Когда кольцо блокады прорвали, брата с их детским домом сразу увезли в эвакуацию. А мы с бабушкой уехали в Архангельскую область. Она меня тоже хотела в детский дом отдать, тяжело ей было: нужно на работу ходить, а тут я, меня одну не оставишь. Но я так горько плакала, что бабушка меня на следующее же утро забрала из детдома. Видно, жалко ей меня стало.
Отец добрый был, веселый. Говорил: «Закончится война, я вас всех в Ленинград заберу, и заживем».
Папа умер в конце войны. Пришел из больницы домой, упал на крыльцо и умер. Даже в дом не успел зайти.
Я долго тогда плакала по мамочке и по папе. До 17 лет все плакала по ним.
Я росла у бабушки. Все делала: и грядки, и картошку кучила, и пилой пилила. Вот тут у меня по пальцам шрам от серпа. Ходила в школу, до четвертого класса близко было, а до седьмого надо было два-три поля перейти. Я одна ходила, никто не провожал. Выйдешь, пройдешь, спустишься, поднимешься, поле большое, опять спустишься, поднимешься, выходишь — центральная улица Черепова и северная Двина. А там и наша школа.
Там в колхозе делать нечего, и мы с девчонками поехали по комсомольской путевке. Меня как бог направил в Грузию. Работала там на авиазаводе. Познакомилась с грузином и жила гражданским браком. Расписаться я могла, но не хотела менять мамину фамилию. Думала, будет у меня Мошутели, а мамина-то фамилия Солнцева. Очень я боялась, что потеряю ее фамилию.
С братом мы только через 18 лет встретились. Нашлись через письма. Я обрадовалась, поехала к нему, думала, теперь вместе жить будем. А он сказал: «Уезжай сейчас, потом посмотрим». Я на него обижена была. Уехала и больше ему не писала.
Сына родили, жили и жили, все было нормально. Муж очень сына любил, говорил: «Смотри, чтобы пьяницей, вором не вырос». Муж умер, когда сыну было тринадцать лет. Я целый год в черном ходила.
А потом началась перестройка. Русских в Грузии начали притеснять, все уезжали. Мне окно побили, страшно было. Мы в 1994 году вернулись в Ленинград.
Деньги нужны были, я работала. Когда Союз разваливался, я торговала. Раньше же на улице торговали, вот и я в шесть часов вставала каждый день, в семь уходила, до вечера на работе. Тогда привозили творог, сметану. На Витебский вокзал приезжали поезда с Украины, с Белоруссии, выходили и прямо на платформе открывали сумки, там сыры, колбасы, творог.
Потом устала с этой коляской таскаться. Я уже была инвалидом второй группы, пенсии никакой не получала. Почему-то думала, что без государства справлюсь, все своим трудом.

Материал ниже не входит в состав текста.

lemma alg_output_not_event_F':
  fixes x :: "nat \<Rightarrow> real ^ 'd"
  assumes conc: "means_concentrated L M0 mu c0 N x"
    and inc: "\<forall>k\<le>M0. L k < L (k+1)" and LN: "L (M0+1) = N"
    and k: "k \<in> {2..M0+1}" and ne: "mu (k-1) \<noteq> mu k" and c0: "c0 > 0" and N: "N \<ge> 2"
    and out: "alg_output Mmax f \<beta> x N ls"
  shows "\<not> event_F' L k (250 * real CARD('d) * ln (real N) / (c0 * (norm (mu (k-1) - mu k))\<^sup>2)) N ls"
proof
  define \<Lambda> where "\<Lambda> = real CARD('d) * ln (real N) / c0"
  have "\<Lambda> > 0" unfolding \<Lambda>_def using c0 N by (simp add: ln_gt_zero)
  have threshold: "250 * real CARD('d) * ln (real N) / (c0 * (norm (mu (k-1) - mu k))\<^sup>2)
      = 250 * \<Lambda> / (norm (mu (k-1) - mu k))\<^sup>2" unfolding \<Lambda>_def by (simp add: field_simps)
  assume "event_F' L k (250 * real CARD('d) * ln (real N) / (c0 * (norm (mu (k-1) - mu k))\<^sup>2)) N ls"
  then obtain j n1 n2 n3 where j: "1 \<le> j" "j \<le> length ls"
    and n: "1 \<le> n1" "n1 < n2" "n2 < L k - L (k-1)" "1 \<le> n3" "n3 \<le> L (k-1) - L (k-2)"
    and b: "seg_bounds N ls ! (j-1) = L (k-1) - n3" "seg_bounds N ls ! j = L (k-1) + n1"
      "seg_bounds N ls ! (j+1) = L (k-1) + n2"
    and long: "real (min n1 n3) > 250 * \<Lambda> / (norm (mu (k-1) - mu k))\<^sup>2"
    unfolding event_F'_def Let_def threshold by blast
  obtain K where min: "is_minimizer x N K ls"
    using alg_output_is_minimizer[OF out] j by auto
  define u t v w where "u = L (k-1) - n3" and "t = L (k-1)" and "v = L (k-1) + n1" and "w = L (k-1) + n2"
  have order: "u < t" "t < v" "v < w" "w < L k" "L (k-1-1) \<le> u"
    using n by (auto simp: u_def t_def v_def w_def numeral_2_eq_2)
  have "L k \<le> N" using change_points_mono[OF inc, of k "M0+1"] k LN by auto
  have dev1: "(norm (block_mean x (u+1) t - mu (k-1)))\<^sup>2 \<le> 4 * \<Lambda> / real (t-u)"
    unfolding \<Lambda>_def by (rule means_concentrated_block_mean[OF conc])
      (use k order c0 N \<open>L k \<le> N\<close> in \<open>auto simp: t_def\<close>)
  have dev2: "(norm (block_mean x (t+1) v - mu k))\<^sup>2 \<le> 4 * \<Lambda> / real (v-t)"
    unfolding \<Lambda>_def by (rule means_concentrated_block_mean[OF conc])
      (use k order c0 N \<open>L k \<le> N\<close> in \<open>auto simp: t_def\<close>)
  have dev3: "(norm (block_mean x (v+1) w - mu k))\<^sup>2 \<le> 4 * \<Lambda> / real (w-v)"
    unfolding \<Lambda>_def by (rule means_concentrated_block_mean[OF conc])
      (use k order c0 N \<open>L k \<le> N\<close> in \<open>auto simp: t_def v_def\<close>)
  have "split_gain x t v w \<le> 8 * \<Lambda>"
    by (rule split_gain_le_common_center[OF order(2,3) dev2 dev3])
  moreover have "min (t - u) (v - t) = min n1 n3"
    using n by (simp add: u_def t_def v_def)
  then have "split_gain x u t v > 8 * \<Lambda>"
    using split_gain_gt_at_change[OF order(1,2) dev1 dev2 ne \<open>\<Lambda> > 0\<close>] long by simp
  moreover have "loss_q x (u+1) v + loss_q x (v+1) w \<le> loss_q x (u+1) t + loss_q x (t+1) w"
    using is_minimizer_move_boundary[OF min j refl, of t] b order by (simp add: u_def v_def w_def)
  ultimately show False unfolding split_gain_def by linarith
qed

lemma (in prob_space) indep_sets_reindex:
  assumes inj: "inj_on f I" and indep: "indep_sets F (f ` I)"
  shows "indep_sets (\<lambda>i. F (f i)) I"
proof (rule indep_setsI)
  show "F (f i) \<subseteq> events" if "i \<in> I" for i
    using indep that unfolding indep_sets_def by auto
  fix A J assume J: "J \<noteq> {}" "J \<subseteq> I" "finite J" and A: "\<forall>j\<in>J. A j \<in> F (f j)"
  define g where "g = the_inv_into I f"
  have g: "g (f j) = j" if "j \<in> J" for j
    unfolding g_def using the_inv_into_f_f[OF inj] J that by auto
  have "prob (\<Inter>j'\<in>f ` J. A (g j')) = (\<Prod>j'\<in>f ` J. prob (A (g j')))"
    by (rule indep_setsD[OF indep]) (use J A g in auto)
  then show "prob (\<Inter>j\<in>J. A j) = (\<Prod>j\<in>J. prob (A j))"
    using g inj_on_subset[OF inj J(2)] by (simp add: prod.reindex cong: INF_cong prod.cong)
qed

lemma (in prob_space) indep_vars_reindex:
  assumes "inj_on f I" "indep_vars M' X (f ` I)"
  shows "indep_vars (\<lambda>i. M' (f i)) (\<lambda>i. X (f i)) I"
  using assms indep_sets_reindex[OF assms(1), of "\<lambda>i. {X i -` A \<inter> space M | A. A \<in> sets (M' i)}"]
  unfolding indep_vars_def2 by auto

lemma (in prob_space) distr_block_eq_PiM:
  fixes X :: "nat \<Rightarrow> 'a \<Rightarrow> real ^ 'd"
  assumes ind: "indep_vars (\<lambda>_. borel) X {1..N}" and n: "1 \<le> n" "p+n \<le> N"
    and rv: "\<forall>i<n. X (p+1+i) \<in> borel_measurable M \<and> distr M borel (X (p+1+i)) = Gk"
  shows "distr M (PiM {..<n} (\<lambda>_. borel)) (\<lambda>\<omega>. \<lambda>i\<in>{..<n}. X (p+1+i) \<omega>) = PiM {..<n} (\<lambda>_. Gk)"
proof -
  have img: "(\<lambda>i. p+1+i) ` {..<n} \<subseteq> {1..N}" using n by auto
  have inj: "inj_on (\<lambda>i. p+1+i) {..<n}" by (auto simp: inj_on_def)
  have "indep_vars (\<lambda>_. borel) X ((\<lambda>i. p+1+i) ` {..<n})"
    by (rule indep_vars_subset[OF ind img])
  then have indep_block: "indep_vars (\<lambda>_. borel) (\<lambda>i. X (p+1+i)) {..<n}"
    using indep_vars_reindex[OF inj] by fastforce
  have ne: "{..<n} \<noteq> {}" using n lessThan_empty_iff[of n] by simp
  have "distr M (PiM {..<n} (\<lambda>_. borel)) (\<lambda>\<omega>. \<lambda>i\<in>{..<n}. X (p+1+i) \<omega>)
      = PiM {..<n} (\<lambda>i. distr M borel (X (p+1+i)))"
    using indep_vars_iff_distr_eq_PiM'[OF ne, where M'="\<lambda>_. borel" and X="\<lambda>i. X (p+1+i)"] rv indep_block by auto
  also have "\<dots> = PiM {..<n} (\<lambda>_. Gk)"
    using rv by (intro PiM_cong) auto
  finally show ?thesis .
qed

lemma (in prob_space) prob_block_mean_dev_le:
  fixes X :: "nat \<Rightarrow> 'a \<Rightarrow> real ^ 'd"
  assumes ind: "indep_vars (\<lambda>_. borel) X {1..N}" and n: "1 \<le> n" "p+n \<le> N"
    and rv: "\<forall>i<n. X (p+1+i) \<in> borel_measurable M \<and> distr M borel (X (p+1+i)) = Gk"
    and sg: "measure (PiM {..<n} (\<lambda>_. Gk))
           {z \<in> space (PiM {..<n} (\<lambda>_. Gk)). \<bar>(1 / real n) * (\<Sum>i<n. z i $ d) - c\<bar> \<ge> a} \<le> B"
  shows "{\<omega> \<in> space M. \<bar>(1 / real n) * (\<Sum>i<n. X (p+1+i) \<omega> $ d) - c\<bar> \<ge> a} \<in> events"
    "measure M {\<omega> \<in> space M. \<bar>(1 / real n) * (\<Sum>i<n. X (p+1+i) \<omega> $ d) - c\<bar> \<ge> a} \<le> B"
proof -
  let ?P = "PiM {..<n} (\<lambda>_. borel :: (real ^ 'd) measure)"
  let ?Y = "\<lambda>\<omega>. \<lambda>i\<in>{..<n}. X (p+1+i) \<omega>"
  let ?S = "{z \<in> space ?P. \<bar>(1 / real n) * (\<Sum>i<n. z i $ d) - c\<bar> \<ge> a}"
  have Gk: "Gk = distr M borel (X (p+1))" using rv n by auto
  have "sets Gk = sets borel" using Gk by simp
  then have "sets (PiM {..<n} (\<lambda>_. Gk)) = sets ?P" by (intro sets_PiM_cong) auto
  then have space_eq: "space (PiM {..<n} (\<lambda>_. Gk)) = space ?P" by (rule sets_eq_imp_space_eq)
  have Ymeas: "?Y \<in> measurable M ?P"
    using rv by (intro measurable_restrict) auto
  have comp: "(\<lambda>z. z i $ d) \<in> borel_measurable ?P" if "i \<in> {..<n}" for i
    by (rule measurable_compose[OF measurable_component_singleton[OF that] borel_measurable_nth])
  have f: "(\<lambda>z. \<bar>(1 / real n) * (\<Sum>i<n. z i $ d) - c\<bar>) \<in> borel_measurable ?P"
    using comp by (intro borel_measurable_abs borel_measurable_diff borel_measurable_times
        borel_measurable_sum measurable_const) auto
  have Smeas: "?S \<in> sets ?P"
    using f by measurable
  have pre: "?Y -` ?S \<inter> space M = {\<omega> \<in> space M. \<bar>(1 / real n) * (\<Sum>i<n. X (p+1+i) \<omega> $ d) - c\<bar> \<ge> a}"
    using measurable_space[OF Ymeas] by auto
  show "{\<omega> \<in> space M. \<bar>(1 / real n) * (\<Sum>i<n. X (p+1+i) \<omega> $ d) - c\<bar> \<ge> a} \<in> events"
    unfolding pre[symmetric] using Ymeas Smeas by (rule measurable_sets)
  have "measure M {\<omega> \<in> space M. \<bar>(1 / real n) * (\<Sum>i<n. X (p+1+i) \<omega> $ d) - c\<bar> \<ge> a}
      = measure (distr M ?P ?Y) ?S"
    unfolding pre[symmetric] by (rule measure_distr[OF Ymeas Smeas, symmetric])
  also have "\<dots> = measure (PiM {..<n} (\<lambda>_. Gk)) ?S"
    using distr_block_eq_PiM[OF ind n rv] by simp
  also have "?S = {z \<in> space (PiM {..<n} (\<lambda>_. Gk)). \<bar>(1 / real n) * (\<Sum>i<n. z i $ d) - c\<bar> \<ge> a}"
    using space_eq by simp
  finally show "measure M {\<omega> \<in> space M. \<bar>(1 / real n) * (\<Sum>i<n. X (p+1+i) \<omega> $ d) - c\<bar> \<ge> a} \<le> B"
    using sg by simp
qed

lemma (in prob_space) prob_block_mean_far:
  fixes X :: "nat \<Rightarrow> nat \<Rightarrow> 'a \<Rightarrow> real ^ 'd" and L :: "nat \<Rightarrow> nat \<Rightarrow> nat"
    and G :: "nat \<Rightarrow> (real ^ 'd) measure" and mu :: "nat \<Rightarrow> real ^ 'd"
  assumes indep: "indep_vars (\<lambda>_. borel) (X N) {1..N}"
    and distr: "\<forall>N k n. k \<in> {1..M0+1} \<longrightarrow> L N (k-1) < n \<longrightarrow> n \<le> L N k \<longrightarrow>
                   X N n \<in> borel_measurable M \<and> distr M borel (X N n) = G k"
    and c0: "c0 > 0"
    and subgauss: "\<forall>k\<in>{1..M0+1}. \<forall>d. \<forall>n\<ge>1. \<forall>a>0.
         measure (PiM {..<n} (\<lambda>_. G k))
           {z \<in> space (PiM {..<n} (\<lambda>_. G k)).
              \<bar>(1 / real n) * (\<Sum>i<n. z i $ d) - mu k $ d\<bar> \<ge> a}
         \<le> 2 * exp (- c0 * a\<^sup>2 * real n)"
    and N: "N \<ge> 2" and k: "k \<in> {1..M0+1}"
    and block: "L N (k-1) \<le> p" "p+n \<le> L N k" "p+n \<le> N" "1 \<le> n"
  shows "{\<omega> \<in> space M. \<bar>(1 / real n) * (\<Sum>i<n. X N (p+1+i) \<omega> $ d) - mu k $ d\<bar>
            \<ge> sqrt (4 * ln (real N) / (c0 * real n))} \<in> events"
    and "measure M {\<omega> \<in> space M. \<bar>(1 / real n) * (\<Sum>i<n. X N (p+1+i) \<omega> $ d) - mu k $ d\<bar>
            \<ge> sqrt (4 * ln (real N) / (c0 * real n))} \<le> 2 / real N ^ 4"
proof -
  define a where "a = sqrt (4 * ln (real N) / (c0 * real n))"
  have "ln (real N) > 0" using N by simp
  then have "a > 0" and a_sq: "a\<^sup>2 = 4 * ln (real N) / (c0 * real n)"
    unfolding a_def using c0 block(4) by (auto intro: real_sqrt_pow2)
  have "exp (- c0 * a\<^sup>2 * real n) = exp (- (4 * ln (real N)))"
    unfolding a_sq using c0 block(4) by (simp add: field_simps)
  also have "4 * ln (real N) = ln (real N ^ 4)"
    using N by (simp add: ln_realpow)
  also have "exp (- ln (real N ^ 4)) = 1 / real N ^ 4"
    using N by (simp add: exp_minus inverse_eq_divide)
  finally have "measure (PiM {..<n} (\<lambda>_. G k))
           {z \<in> space (PiM {..<n} (\<lambda>_. G k)). \<bar>(1 / real n) * (\<Sum>i<n. z i $ d) - mu k $ d\<bar> \<ge> a}
         \<le> 2 / real N ^ 4"
    using subgauss k block(4) \<open>a > 0\<close> by fastforce
  moreover have "\<forall>i<n. X N (p+1+i) \<in> borel_measurable M \<and> distr M borel (X N (p+1+i)) = G k"
    using distr k block by auto
  ultimately show "{\<omega> \<in> space M. \<bar>(1 / real n) * (\<Sum>i<n. X N (p+1+i) \<omega> $ d) - mu k $ d\<bar>
            \<ge> sqrt (4 * ln (real N) / (c0 * real n))} \<in> events"
    and "measure M {\<omega> \<in> space M. \<bar>(1 / real n) * (\<Sum>i<n. X N (p+1+i) \<omega> $ d) - mu k $ d\<bar>
            \<ge> sqrt (4 * ln (real N) / (c0 * real n))} \<le> 2 / real N ^ 4"
    using prob_block_mean_dev_le[OF indep block(4,3)] unfolding a_def by blast+
qed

Знаете, как-то все у меня шло, как с откоса. Паспорт не давали, куда ни приду, придирались. Паспорт же у меня эсэсэровский был, старый, а регистрация грузинская. Ходила я с этими документами, как беженка. Из-за прописки меня не брали на работу, с трудом устроилась в столовую. Сейчас удивляются люди, как я так долго без гражданства была. А у меня три года заняло получение, и то дали мне его только потому, что потом уже на сайт президенту написали, и специалисты в «Ночлежке» помогли оформить. А если бы я одна ходила, я до сих пор без гражданства была бы. Обещали, обещали только все.
В Пенсионном фонде сказали, что я пенсию в Грузии получаю, и все такое. Я говорила, что я не аферист, никогда бы такого не сделала. У меня все бумаги есть, что я и ветеран войны, и блокадник. А мне отказывают. Просят прислать документы, что я не получаю пенсию в Грузии, а там же уже ничего нет, там другая страна. Еле-еле сделали запрос, пришла какая-то бумага.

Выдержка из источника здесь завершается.